Take each line of the listing that has the string "blast" and report it.

+++ DATA EXCERPTS +++

lemma harm_diff_le_ced: "harm (length x) - harm (length y) \<le> ced x y"
  unfolding ced_def
proof (rule cINF_greatest)
  show "{us. ced_chain x y us} \<noteq> {}"
    using ced_chain_exists by blast
next
  fix us assume "us \<in> {us. ced_chain x y us}"
  then have us: "us \<noteq> []" "hd us = x" "last us = y"
    and step: "\<And>i. i < length us - 1 \<Longrightarrow> ed (us ! i) (us ! Suc i) = 1"
    by (auto simp: ced_chain_def)
  let ?h = "\<lambda>i. harm (length (us ! i)) :: real"
  have "harm (length x) - harm (length y) = ?h 0 - ?h (length us - 1)"
    using us by (simp add: hd_conv_nth last_conv_nth)
  also have "\<dots> = (\<Sum>i < length us - 1. ?h i - ?h (Suc i))"
    by (rule sum_lessThan_telescope'[symmetric])
  also have "\<dots> \<le> (\<Sum>i < length us - 1. 1 / real (max (length (us ! i)) (length (us ! Suc i))))"
  proof (intro sum_mono harm_diff_le_inverse_max)
    fix i assume "i \<in> {..<length us - 1}"
    then show "length (us ! i) \<le> Suc (length (us ! Suc i))"
      and "length (us ! Suc i) \<le> Suc (length (us ! i))"
      using length_le_ed_add[where x = "us ! i" and y = "us ! Suc i"] step by auto
  qed
  finally show "harm (length x) - harm (length y)
      \<le> (\<Sum>i < length us - 1. 1 / real (max (length (us ! i)) (length (us ! Suc i))))" .
qed

lemma finite_imp_length_bounded: "finite F \<Longrightarrow> \<exists>N. \<forall>f\<in>F. length f \<le> N"
  using finite_nat_set_iff_bounded_le[of "length ` F"] by auto

lemma AH_dir_eq_INF:
  "AH_dir d X Y = (INF k. SUP x \<in> {x \<in> X. k \<le> length x}. INF y \<in> Y. ereal (d x y))"
proof -
  have "decseq (\<lambda>k. SUP x \<in> {x \<in> X. k \<le> length x}. INF y \<in> Y. ereal (d x y))"
    unfolding decseq_def by (auto intro!: SUP_subset_mono)
  then show ?thesis
    unfolding AH_dir_def by (rule limI[OF LIMSEQ_INF])
qed

lemma AH_dir_Un_finite_left:
  assumes "finite F"
  shows "AH_dir d (X \<union> F) Y = AH_dir d X Y"
proof -
  obtain N where N: "\<forall>f\<in>F. length f \<le> N"
    using finite_imp_length_bounded[OF assms] by blast
  have "{x \<in> X \<union> F. k \<le> length x} = {x \<in> X. k \<le> length x}" if "N < k" for k
    using N that by fastforce
  then have eq: "\<forall>\<^sub>F k in sequentially.
      (SUP x \<in> {x \<in> X \<union> F. k \<le> length x}. INF y \<in> Y. ereal (d x y))
    = (SUP x \<in> {x \<in> X. k \<le> length x}. INF y \<in> Y. ereal (d x y))"
    by (auto intro: eventually_sequentiallyI[of "Suc N"])
  show ?thesis
    unfolding AH_dir_def lim_def using tendsto_cong[OF eq] by simp
qed

definition escapes_to :: "('a list \<Rightarrow> 'a list \<Rightarrow> real) \<Rightarrow> 'a list set \<Rightarrow> ereal \<Rightarrow> bool" where
  "escapes_to d F M \<longleftrightarrow> (\<forall>r. ereal r < M \<longrightarrow> (\<exists>K. \<forall>y f. K \<le> length y \<longrightarrow> f \<in> F \<longrightarrow> r < d y f))"

lemma AH_dir_Un_right:
  assumes "X \<noteq> {}" and le_M: "\<And>x y. ereal (d x y) \<le> M" and "escapes_to d F M"
  shows "AH_dir d Y (X \<union> F) = AH_dir d Y X"
proof -
  define a where "a y = (INF x \<in> X. ereal (d y x))" for y
  define s t where
    "s k = (SUP y \<in> {y \<in> Y. k \<le> length y}. a y)" and
    "t k = (SUP y \<in> {y \<in> Y. k \<le> length y}. INF x \<in> X \<union> F. ereal (d y x))" for k
  have a_le_M: "a y \<le> M" for y
    using \<open>X \<noteq> {}\<close> le_M unfolding a_def by (meson INF_lower2 ex_in_conv)
  have "t k \<le> s k" for k
    unfolding s_def t_def a_def by (intro SUP_mono') (auto intro!: INF_superset_mono)
  moreover have "(INF k. s k) \<le> t k" for k
  proof (rule dense_le)
    fix z assume "z < (INF k. s k)"
    then obtain r where "z < ereal r" and r: "ereal r < (INF k. s k)"
      using ereal_dense2 by blast
    have r_less_s: "ereal r < s k" for k
      using r INF_lower[of k UNIV s] by auto
    then obtain y0 where "ereal r < a y0"
      unfolding s_def by (auto simp: less_SUP_iff)
    then have "ereal r < M"
      using a_le_M[of y0] by simp
    then obtain K where K: "\<And>y f. K \<le> length y \<Longrightarrow> f \<in> F \<Longrightarrow> r < d y f"
      using \<open>escapes_to d F M\<close> unfolding escapes_to_def by blast
    obtain y where y: "y \<in> Y" "max k K \<le> length y" "ereal r < a y"
      using r_less_s[of "max k K"] unfolding s_def by (auto simp: less_SUP_iff)
    have "ereal r \<le> (INF f \<in> F. ereal (d y f))"
    proof (rule INF_greatest)
      fix f assume "f \<in> F"
      then show "ereal r \<le> ereal (d y f)"
        using K[of y f] y(2) by simp
    qed
    then have "ereal r \<le> (INF x \<in> X \<union> F. ereal (d y x))"
      using y(3) by (simp add: INF_union a_def)
    also have "\<dots> \<le> t k"
      unfolding t_def using y by (auto intro!: SUP_upper)
    finally show "z \<le> t k"
      using \<open>z < ereal r\<close> by simp
  qed
  ultimately have "(INF k. t k) = (INF k. s k)"
    by (intro antisym INF_mono INF_greatest) auto
  then show ?thesis
    unfolding AH_dir_eq_INF[of d Y] s_def t_def a_def by simp
qed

+++

ANSWER TO THIS PROBLEM>
    using ced_chain_exists by blast
    using finite_imp_length_bounded[OF assms] by blast
      using ereal_dense2 by blast
      using \<open>escapes_to d F M\<close> unfolding escapes_to_def by blast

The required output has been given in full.